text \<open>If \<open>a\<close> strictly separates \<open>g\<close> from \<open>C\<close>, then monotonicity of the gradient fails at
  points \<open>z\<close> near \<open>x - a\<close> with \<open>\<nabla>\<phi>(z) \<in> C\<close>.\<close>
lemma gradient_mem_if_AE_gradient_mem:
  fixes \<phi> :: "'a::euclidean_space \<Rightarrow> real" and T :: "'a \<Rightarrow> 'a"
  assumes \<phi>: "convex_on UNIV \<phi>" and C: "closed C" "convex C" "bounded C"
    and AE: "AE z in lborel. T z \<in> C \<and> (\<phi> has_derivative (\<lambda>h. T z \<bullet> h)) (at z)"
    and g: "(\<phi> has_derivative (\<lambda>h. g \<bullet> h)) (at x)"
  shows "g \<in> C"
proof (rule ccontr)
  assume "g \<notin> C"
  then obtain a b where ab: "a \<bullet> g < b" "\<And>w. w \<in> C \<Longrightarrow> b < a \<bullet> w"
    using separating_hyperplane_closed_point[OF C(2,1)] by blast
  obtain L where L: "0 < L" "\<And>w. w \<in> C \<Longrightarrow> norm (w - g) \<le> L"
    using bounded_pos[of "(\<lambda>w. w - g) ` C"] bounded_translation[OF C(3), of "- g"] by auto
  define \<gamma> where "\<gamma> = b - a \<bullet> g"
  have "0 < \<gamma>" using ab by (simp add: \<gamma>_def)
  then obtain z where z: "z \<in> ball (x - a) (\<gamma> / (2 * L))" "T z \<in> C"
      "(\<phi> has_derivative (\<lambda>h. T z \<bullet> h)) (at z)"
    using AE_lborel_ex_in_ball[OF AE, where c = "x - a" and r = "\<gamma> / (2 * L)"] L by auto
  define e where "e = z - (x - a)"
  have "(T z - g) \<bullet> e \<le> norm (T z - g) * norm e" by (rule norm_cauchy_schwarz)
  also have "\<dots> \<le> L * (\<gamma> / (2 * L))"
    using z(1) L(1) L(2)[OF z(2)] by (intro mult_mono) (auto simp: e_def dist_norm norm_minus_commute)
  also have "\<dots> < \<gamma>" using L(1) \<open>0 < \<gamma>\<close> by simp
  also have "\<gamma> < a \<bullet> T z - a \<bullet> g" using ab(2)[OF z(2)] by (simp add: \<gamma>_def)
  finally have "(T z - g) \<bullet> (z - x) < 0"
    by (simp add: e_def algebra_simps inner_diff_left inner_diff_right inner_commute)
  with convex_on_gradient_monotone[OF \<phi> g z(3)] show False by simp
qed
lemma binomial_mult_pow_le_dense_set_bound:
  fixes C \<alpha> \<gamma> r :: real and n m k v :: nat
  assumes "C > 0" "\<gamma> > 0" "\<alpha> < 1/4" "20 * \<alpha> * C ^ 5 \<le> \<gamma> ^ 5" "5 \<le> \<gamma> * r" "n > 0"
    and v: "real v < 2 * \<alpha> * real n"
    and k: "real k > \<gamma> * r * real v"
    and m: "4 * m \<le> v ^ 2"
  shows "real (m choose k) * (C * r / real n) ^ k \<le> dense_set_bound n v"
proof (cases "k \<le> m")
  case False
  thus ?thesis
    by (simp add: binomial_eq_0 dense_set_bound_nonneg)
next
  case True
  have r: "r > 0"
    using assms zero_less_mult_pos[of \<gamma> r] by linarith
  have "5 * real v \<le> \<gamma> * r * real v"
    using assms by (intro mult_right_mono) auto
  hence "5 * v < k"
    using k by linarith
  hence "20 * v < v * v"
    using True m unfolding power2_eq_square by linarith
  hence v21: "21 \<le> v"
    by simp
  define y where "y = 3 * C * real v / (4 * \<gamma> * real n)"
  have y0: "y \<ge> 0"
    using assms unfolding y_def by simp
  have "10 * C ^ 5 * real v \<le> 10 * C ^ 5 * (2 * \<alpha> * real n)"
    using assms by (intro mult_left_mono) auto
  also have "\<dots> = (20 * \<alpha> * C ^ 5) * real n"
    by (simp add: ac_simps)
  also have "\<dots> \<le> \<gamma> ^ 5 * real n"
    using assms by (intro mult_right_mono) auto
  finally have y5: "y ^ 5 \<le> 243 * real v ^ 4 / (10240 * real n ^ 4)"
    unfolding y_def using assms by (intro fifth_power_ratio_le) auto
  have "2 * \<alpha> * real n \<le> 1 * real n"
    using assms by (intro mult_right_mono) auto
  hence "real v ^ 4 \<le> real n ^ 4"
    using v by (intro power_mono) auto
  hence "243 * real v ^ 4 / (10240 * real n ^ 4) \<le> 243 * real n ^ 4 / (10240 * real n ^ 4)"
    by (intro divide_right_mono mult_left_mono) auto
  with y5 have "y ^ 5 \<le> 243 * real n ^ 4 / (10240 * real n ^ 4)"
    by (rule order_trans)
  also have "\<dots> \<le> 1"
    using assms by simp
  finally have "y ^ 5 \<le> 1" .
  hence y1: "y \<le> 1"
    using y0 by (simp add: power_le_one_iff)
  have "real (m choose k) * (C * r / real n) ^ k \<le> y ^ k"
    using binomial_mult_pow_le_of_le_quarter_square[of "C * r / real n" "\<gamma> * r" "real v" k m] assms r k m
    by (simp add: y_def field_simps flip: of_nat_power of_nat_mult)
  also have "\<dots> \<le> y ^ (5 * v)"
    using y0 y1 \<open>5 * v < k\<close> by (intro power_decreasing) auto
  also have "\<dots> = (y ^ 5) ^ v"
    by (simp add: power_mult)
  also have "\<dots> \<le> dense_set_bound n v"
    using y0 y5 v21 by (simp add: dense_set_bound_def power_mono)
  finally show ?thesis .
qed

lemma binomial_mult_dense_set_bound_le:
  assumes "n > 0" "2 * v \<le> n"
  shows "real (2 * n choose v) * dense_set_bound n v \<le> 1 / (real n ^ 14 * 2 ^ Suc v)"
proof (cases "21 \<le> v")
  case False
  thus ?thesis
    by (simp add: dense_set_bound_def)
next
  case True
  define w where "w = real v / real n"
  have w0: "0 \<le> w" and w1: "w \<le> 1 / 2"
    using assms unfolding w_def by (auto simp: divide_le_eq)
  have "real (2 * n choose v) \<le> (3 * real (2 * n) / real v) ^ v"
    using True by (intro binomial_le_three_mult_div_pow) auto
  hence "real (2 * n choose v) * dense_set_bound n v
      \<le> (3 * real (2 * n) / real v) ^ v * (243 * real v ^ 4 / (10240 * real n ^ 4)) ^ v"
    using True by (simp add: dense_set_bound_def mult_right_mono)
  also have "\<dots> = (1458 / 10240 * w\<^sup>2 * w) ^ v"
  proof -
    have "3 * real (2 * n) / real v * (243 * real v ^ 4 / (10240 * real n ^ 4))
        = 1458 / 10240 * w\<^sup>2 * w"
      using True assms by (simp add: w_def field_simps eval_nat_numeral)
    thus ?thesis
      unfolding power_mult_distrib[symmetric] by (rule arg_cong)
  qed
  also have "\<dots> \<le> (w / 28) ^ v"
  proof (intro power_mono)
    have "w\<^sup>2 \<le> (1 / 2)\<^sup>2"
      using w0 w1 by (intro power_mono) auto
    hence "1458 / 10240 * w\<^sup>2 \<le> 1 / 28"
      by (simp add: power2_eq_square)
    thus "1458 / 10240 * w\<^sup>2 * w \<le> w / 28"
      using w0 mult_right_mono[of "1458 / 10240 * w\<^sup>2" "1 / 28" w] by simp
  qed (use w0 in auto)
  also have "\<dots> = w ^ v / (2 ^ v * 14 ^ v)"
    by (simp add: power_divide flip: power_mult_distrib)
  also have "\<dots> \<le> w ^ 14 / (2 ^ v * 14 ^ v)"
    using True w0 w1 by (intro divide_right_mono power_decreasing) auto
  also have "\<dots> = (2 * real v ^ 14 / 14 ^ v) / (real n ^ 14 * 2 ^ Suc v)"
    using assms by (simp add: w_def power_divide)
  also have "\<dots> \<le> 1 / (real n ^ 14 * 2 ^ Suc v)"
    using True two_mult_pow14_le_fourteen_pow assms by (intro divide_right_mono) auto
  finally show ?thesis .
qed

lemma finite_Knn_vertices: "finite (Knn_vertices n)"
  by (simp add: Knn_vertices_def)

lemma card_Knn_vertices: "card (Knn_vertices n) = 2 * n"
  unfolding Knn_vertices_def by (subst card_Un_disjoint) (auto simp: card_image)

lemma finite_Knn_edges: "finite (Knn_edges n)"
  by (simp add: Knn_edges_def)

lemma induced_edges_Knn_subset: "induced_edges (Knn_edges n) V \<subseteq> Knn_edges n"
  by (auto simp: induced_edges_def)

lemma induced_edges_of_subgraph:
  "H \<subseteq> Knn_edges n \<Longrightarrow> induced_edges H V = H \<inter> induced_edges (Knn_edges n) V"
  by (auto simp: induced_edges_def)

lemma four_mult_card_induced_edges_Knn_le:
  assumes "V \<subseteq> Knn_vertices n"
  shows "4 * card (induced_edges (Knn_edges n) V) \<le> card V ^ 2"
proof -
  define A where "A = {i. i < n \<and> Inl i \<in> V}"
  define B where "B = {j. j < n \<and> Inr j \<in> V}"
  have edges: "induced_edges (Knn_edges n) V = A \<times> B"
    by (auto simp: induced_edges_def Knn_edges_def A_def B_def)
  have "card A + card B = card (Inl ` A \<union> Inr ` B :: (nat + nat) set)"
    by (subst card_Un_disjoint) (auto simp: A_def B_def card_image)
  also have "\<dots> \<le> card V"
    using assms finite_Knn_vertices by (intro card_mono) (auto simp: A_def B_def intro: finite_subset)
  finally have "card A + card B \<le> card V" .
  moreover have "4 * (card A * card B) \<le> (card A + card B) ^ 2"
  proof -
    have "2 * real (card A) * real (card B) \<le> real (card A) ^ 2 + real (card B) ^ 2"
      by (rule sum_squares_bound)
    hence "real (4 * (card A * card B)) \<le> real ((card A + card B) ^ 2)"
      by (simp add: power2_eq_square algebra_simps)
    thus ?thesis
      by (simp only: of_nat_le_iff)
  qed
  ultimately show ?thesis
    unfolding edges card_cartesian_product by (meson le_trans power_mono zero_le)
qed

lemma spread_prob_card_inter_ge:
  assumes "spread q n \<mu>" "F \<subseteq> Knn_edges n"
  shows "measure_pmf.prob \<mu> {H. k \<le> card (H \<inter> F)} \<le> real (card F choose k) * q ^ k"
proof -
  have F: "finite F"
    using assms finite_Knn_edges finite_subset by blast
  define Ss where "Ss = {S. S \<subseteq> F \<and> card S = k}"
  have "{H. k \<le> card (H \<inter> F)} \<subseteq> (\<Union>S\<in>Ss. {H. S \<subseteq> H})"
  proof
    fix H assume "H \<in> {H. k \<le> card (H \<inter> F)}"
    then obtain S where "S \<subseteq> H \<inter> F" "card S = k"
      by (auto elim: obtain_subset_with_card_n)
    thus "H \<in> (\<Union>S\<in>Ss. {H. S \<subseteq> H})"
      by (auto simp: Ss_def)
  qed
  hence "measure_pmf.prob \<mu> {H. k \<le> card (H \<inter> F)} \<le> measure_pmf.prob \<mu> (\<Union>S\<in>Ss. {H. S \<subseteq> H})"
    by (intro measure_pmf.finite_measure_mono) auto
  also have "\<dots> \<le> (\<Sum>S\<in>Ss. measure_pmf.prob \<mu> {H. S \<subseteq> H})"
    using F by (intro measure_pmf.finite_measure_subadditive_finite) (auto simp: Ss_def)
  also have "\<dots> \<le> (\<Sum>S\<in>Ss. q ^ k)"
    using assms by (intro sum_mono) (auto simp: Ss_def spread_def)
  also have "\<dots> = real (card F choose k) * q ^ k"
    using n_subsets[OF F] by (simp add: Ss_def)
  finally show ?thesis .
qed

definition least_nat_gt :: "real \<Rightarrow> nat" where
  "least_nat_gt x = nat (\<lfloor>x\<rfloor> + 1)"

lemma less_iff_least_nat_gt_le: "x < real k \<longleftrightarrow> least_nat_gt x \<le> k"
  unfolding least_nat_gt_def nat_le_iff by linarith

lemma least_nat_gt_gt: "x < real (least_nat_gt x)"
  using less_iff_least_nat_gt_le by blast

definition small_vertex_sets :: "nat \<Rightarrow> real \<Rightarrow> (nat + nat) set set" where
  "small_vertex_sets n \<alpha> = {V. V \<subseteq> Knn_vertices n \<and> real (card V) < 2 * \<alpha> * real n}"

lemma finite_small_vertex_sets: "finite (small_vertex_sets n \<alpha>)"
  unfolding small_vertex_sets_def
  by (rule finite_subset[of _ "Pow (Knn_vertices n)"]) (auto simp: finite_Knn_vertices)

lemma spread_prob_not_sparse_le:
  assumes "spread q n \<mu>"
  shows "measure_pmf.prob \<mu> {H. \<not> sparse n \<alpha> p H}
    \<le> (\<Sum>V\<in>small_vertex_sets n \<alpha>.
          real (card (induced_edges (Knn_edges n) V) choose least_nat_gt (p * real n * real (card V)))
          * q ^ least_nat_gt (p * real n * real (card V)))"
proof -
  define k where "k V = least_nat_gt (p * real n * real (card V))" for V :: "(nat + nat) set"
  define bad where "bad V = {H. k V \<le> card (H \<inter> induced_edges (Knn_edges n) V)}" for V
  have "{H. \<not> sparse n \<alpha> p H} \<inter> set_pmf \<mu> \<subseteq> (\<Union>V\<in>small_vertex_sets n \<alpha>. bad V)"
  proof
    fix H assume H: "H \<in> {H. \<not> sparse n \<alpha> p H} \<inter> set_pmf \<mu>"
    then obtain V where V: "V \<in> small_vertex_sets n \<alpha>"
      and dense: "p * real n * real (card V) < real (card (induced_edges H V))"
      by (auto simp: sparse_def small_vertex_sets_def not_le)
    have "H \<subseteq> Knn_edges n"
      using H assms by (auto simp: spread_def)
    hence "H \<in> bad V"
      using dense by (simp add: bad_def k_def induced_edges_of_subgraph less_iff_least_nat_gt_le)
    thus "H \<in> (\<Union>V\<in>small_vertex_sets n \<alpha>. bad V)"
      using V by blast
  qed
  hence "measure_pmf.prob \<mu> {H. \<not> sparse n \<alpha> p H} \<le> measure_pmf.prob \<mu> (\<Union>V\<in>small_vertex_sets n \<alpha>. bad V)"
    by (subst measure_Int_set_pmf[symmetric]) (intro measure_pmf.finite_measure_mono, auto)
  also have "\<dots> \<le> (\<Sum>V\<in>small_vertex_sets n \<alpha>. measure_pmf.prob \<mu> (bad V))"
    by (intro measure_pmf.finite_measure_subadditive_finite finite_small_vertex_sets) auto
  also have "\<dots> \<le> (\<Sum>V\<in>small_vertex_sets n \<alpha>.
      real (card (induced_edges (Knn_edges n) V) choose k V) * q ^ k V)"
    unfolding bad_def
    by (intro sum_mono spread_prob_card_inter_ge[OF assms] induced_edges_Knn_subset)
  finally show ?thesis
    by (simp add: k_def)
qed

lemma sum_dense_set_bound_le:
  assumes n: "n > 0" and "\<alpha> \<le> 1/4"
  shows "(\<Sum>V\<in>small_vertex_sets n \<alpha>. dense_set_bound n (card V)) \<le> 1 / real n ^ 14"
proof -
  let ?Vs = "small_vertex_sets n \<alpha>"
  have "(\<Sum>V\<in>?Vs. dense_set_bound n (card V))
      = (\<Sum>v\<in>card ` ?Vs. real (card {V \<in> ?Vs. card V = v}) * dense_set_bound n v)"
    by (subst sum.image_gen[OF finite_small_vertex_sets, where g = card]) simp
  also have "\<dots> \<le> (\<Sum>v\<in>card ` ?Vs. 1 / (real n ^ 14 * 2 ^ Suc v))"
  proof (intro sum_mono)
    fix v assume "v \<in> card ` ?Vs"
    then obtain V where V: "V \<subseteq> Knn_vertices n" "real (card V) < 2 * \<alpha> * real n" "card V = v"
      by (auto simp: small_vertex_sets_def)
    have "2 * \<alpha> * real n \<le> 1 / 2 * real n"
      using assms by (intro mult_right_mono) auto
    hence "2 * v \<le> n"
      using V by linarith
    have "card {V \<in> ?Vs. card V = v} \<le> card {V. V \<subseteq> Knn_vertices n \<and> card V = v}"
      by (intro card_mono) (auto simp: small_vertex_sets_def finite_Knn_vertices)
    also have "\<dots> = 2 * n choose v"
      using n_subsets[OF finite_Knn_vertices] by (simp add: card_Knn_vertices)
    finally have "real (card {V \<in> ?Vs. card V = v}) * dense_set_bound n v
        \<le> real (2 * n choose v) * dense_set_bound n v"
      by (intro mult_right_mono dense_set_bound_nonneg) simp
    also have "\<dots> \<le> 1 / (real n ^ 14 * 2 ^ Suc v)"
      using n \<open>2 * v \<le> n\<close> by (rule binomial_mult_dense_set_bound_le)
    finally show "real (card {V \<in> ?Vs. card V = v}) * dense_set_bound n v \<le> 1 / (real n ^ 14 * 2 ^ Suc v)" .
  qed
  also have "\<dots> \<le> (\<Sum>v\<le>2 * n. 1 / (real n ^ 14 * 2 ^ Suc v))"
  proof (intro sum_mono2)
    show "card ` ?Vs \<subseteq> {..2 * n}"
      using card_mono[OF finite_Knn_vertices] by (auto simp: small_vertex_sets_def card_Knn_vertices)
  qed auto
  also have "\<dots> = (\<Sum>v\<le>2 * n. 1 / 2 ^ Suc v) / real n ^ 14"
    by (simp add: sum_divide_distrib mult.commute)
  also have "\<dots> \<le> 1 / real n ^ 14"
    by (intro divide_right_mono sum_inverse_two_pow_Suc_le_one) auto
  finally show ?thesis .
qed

--------------------------------

● **WHAT IS BEING ASKED**
Of all the entries above, retype exactly the lines from the line with "4) \<le> 243" to the line with "by (simp add: power_mult)", both included, and no others.

● **ANSWER AREA**
  hence "243 * real v ^ 4 / (10240 * real n ^ 4) \<le> 243 * real n ^ 4 / (10240 * real n ^ 4)"
    by (intro divide_right_mono mult_left_mono) auto
  with y5 have "y ^ 5 \<le> 243 * real n ^ 4 / (10240 * real n ^ 4)"
    by (rule order_trans)
  also have "\<dots> \<le> 1"
    using assms by simp
  finally have "y ^ 5 \<le> 1" .
  hence y1: "y \<le> 1"
    using y0 by (simp add: power_le_one_iff)
  have "real (m choose k) * (C * r / real n) ^ k \<le> y ^ k"
    using binomial_mult_pow_le_of_le_quarter_square[of "C * r / real n" "\<gamma> * r" "real v" k m] assms r k m
    by (simp add: y_def field_simps flip: of_nat_power of_nat_mult)
  also have "\<dots> \<le> y ^ (5 * v)"
    using y0 y1 \<open>5 * v < k\<close> by (intro power_decreasing) auto
  also have "\<dots> = (y ^ 5) ^ v"
    by (simp add: power_mult)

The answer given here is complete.